══ THE INPUT
(* Rounding a vector of squared norm 5/2 to the dyadic grid: entries below tau/2 are set
   to 0, the others are rounded up in absolute value to 2^k tau. *)
lemma dyadic_rounding_vector:
  fixes x :: "nat\<times>nat \<Rightarrow> real"
  assumes hn: "h > 0" "n > 0" and nx: "sqnorm (lift_vertices h n) x = 5/2"
  obtains Pp Pm k where "Pp \<subseteq> lift_vertices h n" "Pm \<subseteq> lift_vertices h n" "Pp \<inter> Pm = {}"
    and "9/4 \<le> sqnorm (lift_vertices h n) (\<lambda>v. level_vec Pp k (unit_level h n) v - level_vec Pm k (unit_level h n) v)"
    and "sqnorm (lift_vertices h n) (\<lambda>v. level_vec Pp k (unit_level h n) v - level_vec Pm k (unit_level h n) v) \<le> 10"
    and "sqnorm (lift_vertices h n) (\<lambda>v. x v - (level_vec Pp k (unit_level h n) v - level_vec Pm k (unit_level h n) v))
       \<le> sqnorm (lift_vertices h n) (\<lambda>v. level_vec Pp k (unit_level h n) v - level_vec Pm k (unit_level h n) v) / 4 + 1/4"
proof -
  let ?V = "lift_vertices h n"
  let ?\<tau> = "unit_level h n"
  have tp: "?\<tau> > 0" by (rule unit_level_pos[OF hn])
  define P where "P = {v\<in>?V. \<bar>x v\<bar> > ?\<tau>/2}"
  define k where "k v = nat \<lceil>log 2 (\<bar>x v\<bar> / ?\<tau>)\<rceil>" for v
  define Pp where "Pp = {v\<in>P. x v > 0}"
  define Pm where "Pm = {v\<in>P. x v < 0}"
  define y where "y v = level_vec Pp k ?\<tau> v - level_vec Pm k ?\<tau> v" for v
  have coord: "(x v)^2 - ?\<tau>^2/4 \<le> (y v)^2 \<and> (y v)^2 \<le> 4 * (x v)^2 \<and> (x v - y v)^2 \<le> (y v)^2 / 4 + ?\<tau>^2/4"
    if "v \<in> ?V" for v
  proof (cases "v \<in> P")
    case True
    then have "\<bar>x v\<bar> / ?\<tau> > 1/2" using tp unfolding P_def by (simp add: field_simps)
    from dyadic_rounding[OF this] have m: "\<bar>x v\<bar> \<le> 2^(k v) * ?\<tau>" "2^(k v) * ?\<tau> < 2 * \<bar>x v\<bar>"
      unfolding k_def using tp by (simp_all add: field_simps)
    have yv: "y v = (if x v > 0 then 2^(k v) * ?\<tau> else - (2^(k v) * ?\<tau>))"
      using True tp unfolding y_def level_vec_def Pp_def Pm_def P_def by auto
    have "?\<tau>^2/4 \<ge> 0" by simp
    then show ?thesis using dyadic_round_coordinate[OF m, folded yv] by linarith
  next
    case False
    then have small: "\<bar>x v\<bar> \<le> ?\<tau>/2" and "y v = 0"
      using that unfolding P_def y_def level_vec_def Pp_def Pm_def by auto
    have "(x v)^2 \<le> (?\<tau>/2)^2" using small by (metis abs_ge_zero power2_abs power_mono)
    then show ?thesis using \<open>y v = 0\<close> by (simp add: power_divide)
  qed
  have sum_tau: "(\<Sum>v\<in>?V. ?\<tau>^2/4) = 1/4" using card_unit_level[OF hn] by simp
  have "(\<Sum>v\<in>?V. (x v)^2 - ?\<tau>^2/4) \<le> sqnorm ?V y"
    unfolding sqnorm_def by (rule sum_mono) (use coord in blast)
  moreover have "(\<Sum>v\<in>?V. (x v)^2 - ?\<tau>^2/4) = 5/2 - 1/4"
    using nx sum_tau unfolding sqnorm_def by (simp add: sum_subtractf)
  ultimately have lower: "9/4 \<le> sqnorm ?V y" by simp
  have "sqnorm ?V y \<le> (\<Sum>v\<in>?V. 4 * (x v)^2)"
    unfolding sqnorm_def by (rule sum_mono) (use coord in blast)
  then have upper: "sqnorm ?V y \<le> 10" using nx unfolding sqnorm_def by (simp add: sum_distrib_left[symmetric])
  have "sqnorm ?V (\<lambda>v. x v - y v) \<le> (\<Sum>v\<in>?V. (y v)^2 / 4 + ?\<tau>^2/4)"
    unfolding sqnorm_def by (rule sum_mono) (use coord in blast)
  also have "\<dots> = sqnorm ?V y / 4 + 1/4"
    using sum_tau unfolding sqnorm_def by (simp add: sum.distrib sum_divide_distrib)
  finally have close: "sqnorm ?V (\<lambda>v. x v - y v) \<le> sqnorm ?V y / 4 + 1/4" .
  have "Pp \<subseteq> ?V" "Pm \<subseteq> ?V" "Pp \<inter> Pm = {}" unfolding Pp_def Pm_def P_def by auto
  with lower upper close show ?thesis using that unfolding y_def by blast
qed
════
Transcribe the opening lines of the listing exactly, please. Stop after the line that contains "0 then 2^(k".

(* Rounding a vector of squared norm 5/2 to the dyadic grid: entries below tau/2 are set
   to 0, the others are rounded up in absolute value to 2^k tau. *)
lemma dyadic_rounding_vector:
  fixes x :: "nat\<times>nat \<Rightarrow> real"
  assumes hn: "h > 0" "n > 0" and nx: "sqnorm (lift_vertices h n) x = 5/2"
  obtains Pp Pm k where "Pp \<subseteq> lift_vertices h n" "Pm \<subseteq> lift_vertices h n" "Pp \<inter> Pm = {}"
    and "9/4 \<le> sqnorm (lift_vertices h n) (\<lambda>v. level_vec Pp k (unit_level h n) v - level_vec Pm k (unit_level h n) v)"
    and "sqnorm (lift_vertices h n) (\<lambda>v. level_vec Pp k (unit_level h n) v - level_vec Pm k (unit_level h n) v) \<le> 10"
    and "sqnorm (lift_vertices h n) (\<lambda>v. x v - (level_vec Pp k (unit_level h n) v - level_vec Pm k (unit_level h n) v))
       \<le> sqnorm (lift_vertices h n) (\<lambda>v. level_vec Pp k (unit_level h n) v - level_vec Pm k (unit_level h n) v) / 4 + 1/4"
proof -
  let ?V = "lift_vertices h n"
  let ?\<tau> = "unit_level h n"
  have tp: "?\<tau> > 0" by (rule unit_level_pos[OF hn])
  define P where "P = {v\<in>?V. \<bar>x v\<bar> > ?\<tau>/2}"
  define k where "k v = nat \<lceil>log 2 (\<bar>x v\<bar> / ?\<tau>)\<rceil>" for v
  define Pp where "Pp = {v\<in>P. x v > 0}"
  define Pm where "Pm = {v\<in>P. x v < 0}"
  define y where "y v = level_vec Pp k ?\<tau> v - level_vec Pm k ?\<tau> v" for v
  have coord: "(x v)^2 - ?\<tau>^2/4 \<le> (y v)^2 \<and> (y v)^2 \<le> 4 * (x v)^2 \<and> (x v - y v)^2 \<le> (y v)^2 / 4 + ?\<tau>^2/4"
    if "v \<in> ?V" for v
  proof (cases "v \<in> P")
    case True
    then have "\<bar>x v\<bar> / ?\<tau> > 1/2" using tp unfolding P_def by (simp add: field_simps)
    from dyadic_rounding[OF this] have m: "\<bar>x v\<bar> \<le> 2^(k v) * ?\<tau>" "2^(k v) * ?\<tau> < 2 * \<bar>x v\<bar>"
      unfolding k_def using tp by (simp_all add: field_simps)
    have yv: "y v = (if x v > 0 then 2^(k v) * ?\<tau> else - (2^(k v) * ?\<tau>))"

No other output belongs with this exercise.